This script is a follow up to the analysis of technical variables for the gene expression data.

The impact of when the samples were collected (relative to time of death)

There was a concern that “Hours post-mortem” were confounded by species. For example, according to the documentation that we received from the different sites, the rhesus macaque samples were collected earlier than the chimpanzee samples and the chimpanzee samples were collected earlier than humans. These differences could impact the quality of the RNA. We can look at RIN score as a proxy for RNA quality. Therefore, we will look to see if there are differences in RIN score

Note: RIN score is missing for H4Lu

# Load libraries

library("ggplot2")

# Load information about the 

RNA_seq_info <- read.csv("~/Reg_Evo_Primates/ashlar-trial/data/RNA_seq_info.csv")

# Boxplot RIN score by species

new_plot <- ggplot(data = RNA_seq_info, aes(y = RIN.score, x = Species)) + geom_boxplot() + geom_point(aes(color = Tissue), size = 5,  position=position_jitter(width=0.2, height=0.1))
new_plot + labs(title = "RIN score versus species by tissue", y = "RIN score", x = "Species")
## Warning: Removed 1 rows containing non-finite values (stat_boxplot).
## Warning: Removed 1 rows containing missing values (geom_point).

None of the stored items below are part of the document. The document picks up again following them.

lemma reverse_Minkowski:
  fixes G H :: "'a \<Rightarrow> real" and r :: real
  assumes r: "0 < r" "r \<le> 1"
    and nonneg: "\<And>x. 0 \<le> G x" "\<And>x. 0 \<le> H x"
    and int_G: "integrable M (\<lambda>x. G x powr r)" and int_H: "integrable M (\<lambda>x. H x powr r)"
    and int_GH: "integrable M (\<lambda>x. (G x + H x) powr r)"
  shows "(\<integral>x. G x powr r \<partial>M) powr (1 / r) + (\<integral>x. H x powr r \<partial>M) powr (1 / r)
         \<le> (\<integral>x. (G x + H x) powr r \<partial>M) powr (1 / r)"
proof -
  define a where "a = (\<integral>x. G x powr r \<partial>M)"
  define b where "b = (\<integral>x. H x powr r \<partial>M)"
  define c where "c = (\<integral>x. (G x + H x) powr r \<partial>M)"
  have "0 \<le> a" "0 \<le> b"
    unfolding a_def b_def by (auto intro: integral_nonneg_AE)
  have "a \<le> c" "b \<le> c"
    unfolding a_def b_def c_def using nonneg r
    by (auto intro!: integral_mono int_G int_H int_GH powr_mono2)
  show ?thesis
  proof (cases "a = 0 \<or> b = 0")
    case True
    then show ?thesis
      using \<open>0 \<le> a\<close> \<open>0 \<le> b\<close> \<open>a \<le> c\<close> \<open>b \<le> c\<close> r
      by (auto simp flip: a_def b_def c_def intro!: powr_mono2)
  next
    case False
    define A where "A = a powr (1 / r)"
    define B where "B = b powr (1 / r)"
    have "0 < A" "0 < B" "A powr r = a" "B powr r = b"
      using False \<open>0 \<le> a\<close> \<open>0 \<le> b\<close> r by (auto simp: A_def B_def powr_powr)
    have "A + B = A powr (1 - r) * a + B powr (1 - r) * b"
      using \<open>0 < A\<close> \<open>0 < B\<close> by (simp flip: \<open>A powr r = a\<close> \<open>B powr r = b\<close> powr_add)
    also have "\<dots> = (\<integral>x. A powr (1 - r) * G x powr r + B powr (1 - r) * H x powr r \<partial>M)"
      using int_G int_H by (simp add: a_def b_def)
    also have "\<dots> \<le> (\<integral>x. (A + B) powr (1 - r) * (G x + H x) powr r \<partial>M)"
      using int_G int_H int_GH nonneg \<open>0 < A\<close> \<open>0 < B\<close>
      by (intro integral_mono powr_weighted_add_le[OF r]) auto
    also have "\<dots> = (A + B) powr (1 - r) * c"
      by (simp add: c_def)
    finally have "(A + B) powr (1 - r) * (A + B) powr r \<le> (A + B) powr (1 - r) * c"
      using \<open>0 < A\<close> \<open>0 < B\<close> by (simp flip: powr_add)
    then have "(A + B) powr r \<le> c"
      using \<open>0 < A\<close> \<open>0 < B\<close> by simp
    then have "((A + B) powr r) powr (1 / r) \<le> c powr (1 / r)"
      using \<open>0 < A\<close> \<open>0 < B\<close> r by (intro powr_mono2) auto
    then show ?thesis
      using \<open>0 < A\<close> \<open>0 < B\<close> r by (simp add: powr_powr A_def B_def a_def b_def c_def)
  qed
qed
lemma integrable_sum_squares_powr:
  assumes "0 \<le> p" "0 \<le> c" and X: "in_Lp M p X" and Y: "in_Lp M p Y"
  shows "integrable M (\<lambda>z. ((X z)\<^sup>2 + c * (Y z)\<^sup>2) powr (p / 2))"
proof (rule Bochner_Integration.integrable_bound)
  show "integrable M (\<lambda>z. 2 powr (p / 2) * (\<bar>X z\<bar> powr p + c powr (p / 2) * \<bar>Y z\<bar> powr p))"
    using X Y by (auto simp: in_Lp_def)
  have "X \<in> borel_measurable M" "Y \<in> borel_measurable M"
    using X Y by (auto simp: in_Lp_def)
  then show "(\<lambda>z. ((X z)\<^sup>2 + c * (Y z)\<^sup>2) powr (p / 2)) \<in> borel_measurable M"
    by measurable
  have "((X z)\<^sup>2 + c * (Y z)\<^sup>2) powr (p / 2) \<le> 2 powr (p / 2) * (\<bar>X z\<bar> powr p + c powr (p / 2) * \<bar>Y z\<bar> powr p)" for z
    using abs_add_powr_le[of "p / 2" "(X z)\<^sup>2" "c * (Y z)\<^sup>2"] assms(1,2)
    by (simp add: abs_mult power2_powr_half powr_mult)
  then show "AE z in M. norm (((X z)\<^sup>2 + c * (Y z)\<^sup>2) powr (p / 2))
      \<le> norm (2 powr (p / 2) * (\<bar>X z\<bar> powr p + c powr (p / 2) * \<bar>Y z\<bar> powr p))"
    by (auto intro!: AE_I2)
qed
lemma holder_quotient_le:
  fixes f :: "real^'n::finite \<Rightarrow> real" and grad :: "real^'n \<Rightarrow> real^'n"
    and hess :: "real^'n \<Rightarrow> real^'n^'n" and A :: "real^'n^'n"
  assumes der: "\<And>\<theta>. \<theta> \<in> ball c \<rho> \<Longrightarrow>
      (f has_derivative (\<lambda>h. grad \<theta> \<bullet> h)) (at \<theta>) \<and> (grad has_derivative (\<lambda>h. hess \<theta> *v h)) (at \<theta>)"
    and hess_le: "\<And>\<theta>. \<theta> \<in> ball c \<rho> \<Longrightarrow> (spec_norm A)\<^sup>2 * norm (hess \<theta>) \<le> k"
    and radius: "spec_norm A * Mb < \<rho>"
    and uv: "norm u < Mb" "norm v < Mb" "u \<noteq> v"
    and g: "0 \<le> g" "g \<le> Y" and q: "0 < q" "q \<le> 1"
  shows "\<bar>f (c + A *v u) - f (c + A *v v)\<bar> / norm (u - v) powr q * g powr q
           \<le> (2 * Mb) powr (1 - q) * (spec_norm A * norm (grad c) + Mb * k) * Y powr q"
proof -
  define L where "L = spec_norm A * norm (grad c) + Mb * k"
  have "\<bar>f (c + A *v u) - f (c + A *v v)\<bar> \<le> L * norm (u - v)"
    unfolding L_def using rescaled_difference_le[OF der hess_le radius uv(1,2)] by (simp add: mult.commute)
  moreover have "0 \<le> L"
    using order_trans[OF abs_ge_zero calculation] uv(3) by (simp add: zero_le_mult_iff)
  moreover have "norm (u - v) \<le> 2 * Mb"
    using norm_triangle_ineq4[of u v] uv by simp
  ultimately have "\<bar>f (c + A *v u) - f (c + A *v v)\<bar> / norm (u - v) powr q \<le> L * (2 * Mb) powr (1 - q)"
    using uv q by (intro divide_powr_le_if_le_mult) auto
  moreover have "g powr q \<le> Y powr q"
    using g q by (intro powr_mono2) auto
  ultimately have "\<bar>f (c + A *v u) - f (c + A *v v)\<bar> / norm (u - v) powr q * g powr q
      \<le> L * (2 * Mb) powr (1 - q) * Y powr q"
    using \<open>0 \<le> L\<close> by (intro mult_mono) auto
  then show ?thesis
    unfolding L_def by (simp only: mult_ac)
qed

lemma holder_quotient_SUP_le:
  fixes f :: "real^'n::finite \<Rightarrow> real" and grad :: "real^'n \<Rightarrow> real^'n"
    and hess :: "real^'n \<Rightarrow> real^'n^'n" and A :: "real^'n^'n"
    and S :: "((real^'n) \<times> (real^'n)) set"
  assumes der: "\<And>\<theta>. \<theta> \<in> ball c \<rho> \<Longrightarrow>
      (f has_derivative (\<lambda>h. grad \<theta> \<bullet> h)) (at \<theta>) \<and> (grad has_derivative (\<lambda>h. hess \<theta> *v h)) (at \<theta>)"
    and ball: "ball c \<rho> \<subseteq> B"
    and radius: "spec_norm A * Mb < \<rho>" and "0 < Mb"
    and S: "S \<subseteq> {(u, v). norm u < Mb \<and> norm v < Mb \<and> u \<noteq> v}"
    and g: "0 \<le> g" "g \<le> Y" and q: "0 < q" "q \<le> 1"
  shows "(SUP (u, v)\<in>S. ereal (\<bar>f (c + A *v u) - f (c + A *v v)\<bar> / norm (u - v) powr q * g powr q))
    \<le> ereal ((2 * Mb) powr (1 - q))
       * (ereal (norm (spec_norm A *\<^sub>R grad c))
          + ereal Mb * (ereal ((spec_norm A)\<^sup>2) * (SUP \<theta>\<in>B. ereal (norm (hess \<theta>)))))
       * ereal (Y powr q)"
    (is "?lhs \<le> ereal ?a * (ereal ?b + ereal Mb * ?K) * ereal ?y")
proof -
  have "c \<in> B"
    using ball radius \<open>0 < Mb\<close> spec_norm_nonneg[of A]
    by (metis centre_in_ball mult_nonneg_nonneg less_imp_le order.strict_trans1 subsetD)
  then have "ereal (norm (hess c)) \<le> (SUP \<theta>\<in>B. ereal (norm (hess \<theta>)))"
    by (rule SUP_upper)
  then have "0 \<le> ?K"
    by (auto simp: ereal_zero_le_0_iff intro: order_trans[rotated])
  txt \<open>The supremum of the Hessian norms may be infinite, and \<open>\<infinity> * 0 = 0\<close> in ereal,
    so the case Y = 0 is treated separately.\<close>
  consider "Y = 0" | "0 < Y" "?K = \<infinity>" | k where "?K = ereal k"
  proof (cases "?K = \<infinity>")
    case True
    then show ?thesis
      using that(1,2) g by fastforce
  next
    case False
    then show ?thesis
      using that(3) \<open>0 \<le> ?K\<close> by (cases ?K) auto
  qed
  then show ?thesis
  proof cases
    case 1
    then have "?lhs \<le> 0"
      using g by (intro SUP_least) auto
    then show ?thesis
      using 1 q by (simp flip: zero_ereal_def)
  next
    case 2
    then show ?thesis
      using q \<open>0 < Mb\<close> by simp
  next
    case 3
    have hess_le: "(spec_norm A)\<^sup>2 * norm (hess \<theta>) \<le> k" if "\<theta> \<in> ball c \<rho>" for \<theta>
    proof -
      have "ereal ((spec_norm A)\<^sup>2 * norm (hess \<theta>)) \<le> ?K"
        using ball that by (simp only: times_ereal.simps(1)[symmetric]) (intro ereal_mult_left_mono SUP_upper; auto)
      then show ?thesis
        using 3 by simp
    qed
    have "?lhs \<le> ereal (?a * (spec_norm A * norm (grad c) + Mb * k) * ?y)"
    proof (intro SUP_least, clarify)
      fix u v assume "(u, v) \<in> S"
      with S have "norm u < Mb" "norm v < Mb" "u \<noteq> v"
        by auto
      from holder_quotient_le[OF der hess_le radius this g q] show "ereal (\<bar>f (c + A *v u) - f (c + A *v v)\<bar> / norm (u - v) powr q * g powr q)
          \<le> ereal (?a * (spec_norm A * norm (grad c) + Mb * k) * ?y)"
        by simp
    qed
    then show ?thesis
      using 3 spec_norm_nonneg[of A] by simp
  qed
qed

# RIN score by species with individual name

new_plot <- ggplot(data = RNA_seq_info, aes(y = RIN.score, x = Species, label = RNA_seq_info$Individual)) + geom_point(aes(color = Tissue), size = 5)
new_plot + geom_text(vjust = -0.4, nudge_y = 1.5) + labs(title = "RIN score versus species by tissue", y = "RIN score", x = "Species")
## Warning: Removed 1 rows containing missing values (geom_point).
## Warning: Removed 1 rows containing missing values (geom_text).

# Boxplot RIN score by tissue

new_plot <- ggplot(data = RNA_seq_info, aes(y = RIN.score, x = Tissue)) + geom_boxplot() + geom_point(aes(color = Species), size = 5,  position=position_jitter(width=0.2, height=0.1))
new_plot + labs(title = "RIN score versus tissue by species", y = "RIN score", x = "Tissue")
## Warning: Removed 1 rows containing non-finite values (stat_boxplot).
## Warning: Removed 1 rows containing missing values (geom_point).

# RIN score by species with individual name

new_plot <- ggplot(data = RNA_seq_info, aes(y = RIN.score, x = Tissue, label = RNA_seq_info$Individual)) + geom_point(aes(color = Species), size = 5)
new_plot + geom_text(vjust = -0.4, nudge_y = 1.5) + labs(title = "RIN score versus tissue by species", y = "RIN score", x = "Tissue")
## Warning: Removed 1 rows containing missing values (geom_point).
## Warning: Removed 1 rows containing missing values (geom_text).